(* Let $n,m\ge 1$, let $G\in\mathbb{R}^{2n\times 2n}$ be symmetric, let $C\in\mathbb{R}^{2m\times 2n}$, set $A=\Sigma_n(G+C^\top\Sigma_m C/2)$, and let $\mathcal{C}=(\Sigma_n C^\top\Sigma_m, A\Sigma_n C^\top\Sigma_m,\ldots,A^{2n-1}\Sigma_n C^\top\Sigma_m)$ and $\mathcal{O}=(C^\top, A^\top C^\top,\ldots,(A^\top)^{2n-1}C^\top)^\top$. Then the linear quantum system determined by $(G,C)$ has a decoherence-free (DF) subsystem if and only if $$\mathrm{Ker}(\mathcal{O})\cap\mathrm{Ker}(\mathcal{O}\Sigma_n)\neq\{0\}.$$ Moreover, in that case there always exists a real $2n\times 2\ell$ matrix $T_1$ ($\ell\ge1$) with $\mathrm{Range}(T_1)=\mathrm{Ker}(\mathcal{O})\cap\mathrm{Ker}(\mathcal{O}\Sigma_n)$ and $T_1^\top\Sigma_n T_1=\Sigma_\ell$, and $\hat x_{\rm DF}=T_1^\top\hat x$ is a DF mode.
   Context: For $k\ge1$, $\Sigma_k=\mathrm{diag}\{\Sigma,\ldots,\Sigma\}$ ($2k\times 2k$) with $\Sigma=\begin{pmatrix}0&1\\-1&0\end{pmatrix}$. The linear quantum system determined by $(G,C)$ is $d\hat x=A\hat x\,dt+\Sigma_nC^\top\Sigma_m\,d\hat{\mathcal W}$ with output $d\hat{\mathcal W}^{\rm out}=C\hat x\,dt+d\hat{\mathcal W}$, where $\hat x=(\hat q_1,\hat p_1,\ldots,\hat q_n,\hat p_n)^\top$ satisfies the canonical commutation relation $\hat x\hat x^\top-(\hat x\hat x^\top)^\top=i\Sigma_n$, $\hat{\mathcal W}$ is the vector of input noise quadratures and $\hat{\mathcal W}^{\rm out}$ that of the output. Definition: the system has a DF subsystem if there is a subsystem, with variable $\hat x_{\rm DF}=T^\top\hat x$ for a real matrix $T$ with nonzero columns, that is (i) uncontrollable with respect to $\hat{\mathcal W}$ and unobservable with respect to $\hat{\mathcal W}^{\rm out}$, i.e. the columns of $T$ lie in $\mathrm{Ker}(\mathcal{C}^\top)\cap\mathrm{Ker}(\mathcal{O})$ (equivalently $\mathrm{Ker}(\mathcal{C}^\top)\cap\mathrm{Ker}(\mathcal{O})$ is nontrivial), and (ii) whose variable satisfies the canonical commutation relation, i.e. $T^\top\Sigma_nT=\Sigma_\ell$ for some $\ell\ge1$; such $\hat x_{\rm DF}$ is called a DF mode. *)

theory Defs
  imports Complex_Main "Jordan_Normal_Form.Matrix_Kernel"
begin

text \<open>Sigma_k = diag(Sigma,...,Sigma), a 2k x 2k real matrix, Sigma = [[0,1],[-1,0]].\<close>
definition Sigma_mat :: "nat \<Rightarrow> real mat" where
  "Sigma_mat k = mat (2*k) (2*k) (\<lambda>(i,j).
      if even i \<and> j = i + 1 then 1
      else if odd i \<and> j + 1 = i then -1 else 0)"

definition drift_mat :: "nat \<Rightarrow> nat \<Rightarrow> real mat \<Rightarrow> real mat \<Rightarrow> real mat" where
  "drift_mat n m G C = Sigma_mat n * (G + (1/2) \<cdot>\<^sub>m (transpose_mat C * Sigma_mat m * C))"

definition input_mat :: "nat \<Rightarrow> nat \<Rightarrow> real mat \<Rightarrow> real mat" where
  "input_mat n m C = Sigma_mat n * transpose_mat C * Sigma_mat m"

text \<open>Controllability matrix (B, AB, ..., A^(2n-1) B), of size 2n x (2n * 2m).\<close>
definition ctrb_mat :: "nat \<Rightarrow> nat \<Rightarrow> real mat \<Rightarrow> real mat \<Rightarrow> real mat" where
  "ctrb_mat n m G C = mat (2*n) (2*n * (2*m)) (\<lambda>(i,j).
      ((drift_mat n m G C ^\<^sub>m (j div (2*m))) * input_mat n m C) $$ (i, j mod (2*m)))"

text \<open>Observability matrix (C^T, A^T C^T, ..., (A^T)^(2n-1) C^T)^T, i.e. block rows
  C, C A, ..., C A^(2n-1); size (2n * 2m) x 2n.\<close>
definition obsv_mat :: "nat \<Rightarrow> nat \<Rightarrow> real mat \<Rightarrow> real mat \<Rightarrow> real mat" where
  "obsv_mat n m G C = mat (2*n * (2*m)) (2*n) (\<lambda>(i,j).
      (C * (drift_mat n m G C ^\<^sub>m (i div (2*m)))) $$ (i mod (2*m), j))"

definition mat_range :: "real mat \<Rightarrow> real vec set" where
  "mat_range T = {T *\<^sub>v w | w. w \<in> carrier_vec (dim_col T)}"

definition is_DF_mode :: "nat \<Rightarrow> nat \<Rightarrow> real mat \<Rightarrow> real mat \<Rightarrow> nat \<Rightarrow> real mat \<Rightarrow> bool" where
  "is_DF_mode n m G C l T \<longleftrightarrow>
     l \<ge> 1 \<and> T \<in> carrier_mat (2*n) (2*l) \<and>
     (\<forall>j < 2*l. col T j \<noteq> 0\<^sub>v (2*n) \<and>
        col T j \<in> mat_kernel (transpose_mat (ctrb_mat n m G C)) \<inter> mat_kernel (obsv_mat n m G C)) \<and>
     transpose_mat T * Sigma_mat n * T = Sigma_mat l"

definition has_DF_subsystem :: "nat \<Rightarrow> nat \<Rightarrow> real mat \<Rightarrow> real mat \<Rightarrow> bool" where
  "has_DF_subsystem n m G C \<longleftrightarrow> (\<exists>l T. is_DF_mode n m G C l T)"

end

theory Submission
  imports Defs
begin
text \<open>Users form the bounded interval I = {a..b} with Lebesgue measure.
  odp assigns each user his OD-pair (a measurable partition of I indexed by L);
  c x arc t is the cost of user x on an arc carrying flow t.\<close>
definition admissible ::
  "('v,'e) mixed_graph \<Rightarrow> real set \<Rightarrow> (real \<Rightarrow> 'v \<times> 'v) \<Rightarrow> (real \<Rightarrow> 'e \<times> bool \<Rightarrow> real \<Rightarrow> real) \<Rightarrow> bool" where
  "admissible M I odp c = (case M of (V, E, ends, L) \<Rightarrow>
     (\<forall>x\<in>I. odp x \<in> L) \<and> (\<forall>l\<in>L. {x\<in>I. odp x = l} \<in> sets lebesgue)
     \<and> (\<forall>x\<in>I. \<forall>a\<in>darcs E. continuous_on {0..} (c x a) \<and> strict_mono_on {0..} (c x a)
                          \<and> (\<forall>t\<ge>0. c x a t \<ge> 0))
     \<and> (\<forall>a\<in>darcs E. \<forall>t\<ge>0. (\<lambda>x. c x a t) \<in> borel_measurable (restrict_space lebesgue I)))"

definition profile ::
  "('v,'e) mixed_graph \<Rightarrow> real set \<Rightarrow> (real \<Rightarrow> 'v \<times> 'v) \<Rightarrow> (real \<Rightarrow> ('e \<times> bool) list) \<Rightarrow> bool" where
  "profile M I odp \<sigma> = ((\<forall>x\<in>I. is_route M (odp x) (\<sigma> x))
      \<and> (\<forall>P. {x\<in>I. \<sigma> x = P} \<in> sets lebesgue))"

definition flow :: "real set \<Rightarrow> (real \<Rightarrow> ('e \<times> bool) list) \<Rightarrow> 'e \<times> bool \<Rightarrow> real" where
  "flow I \<sigma> a = measure lebesgue {x\<in>I. a \<in> set (\<sigma> x)}"

definition route_cost ::
  "(real \<Rightarrow> 'e \<times> bool \<Rightarrow> real \<Rightarrow> real) \<Rightarrow> real \<Rightarrow> ('e \<times> bool \<Rightarrow> real) \<Rightarrow> ('e \<times> bool) list \<Rightarrow> real" where
  "route_cost c x f P = sum_list (map (\<lambda>a. c x a (f a)) P)"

What is needed: Print exactly the lines of the listing above starting at the line containing "(C * (drift_mat" and ending at the line containing "w \<in> carrier_vec", both included.

Response box:
      (C * (drift_mat n m G C ^\<^sub>m (i div (2*m)))) $$ (i mod (2*m), j))"

definition mat_range :: "real mat \<Rightarrow> real vec set" where
  "mat_range T = {T *\<^sub>v w | w. w \<in> carrier_vec (dim_col T)}"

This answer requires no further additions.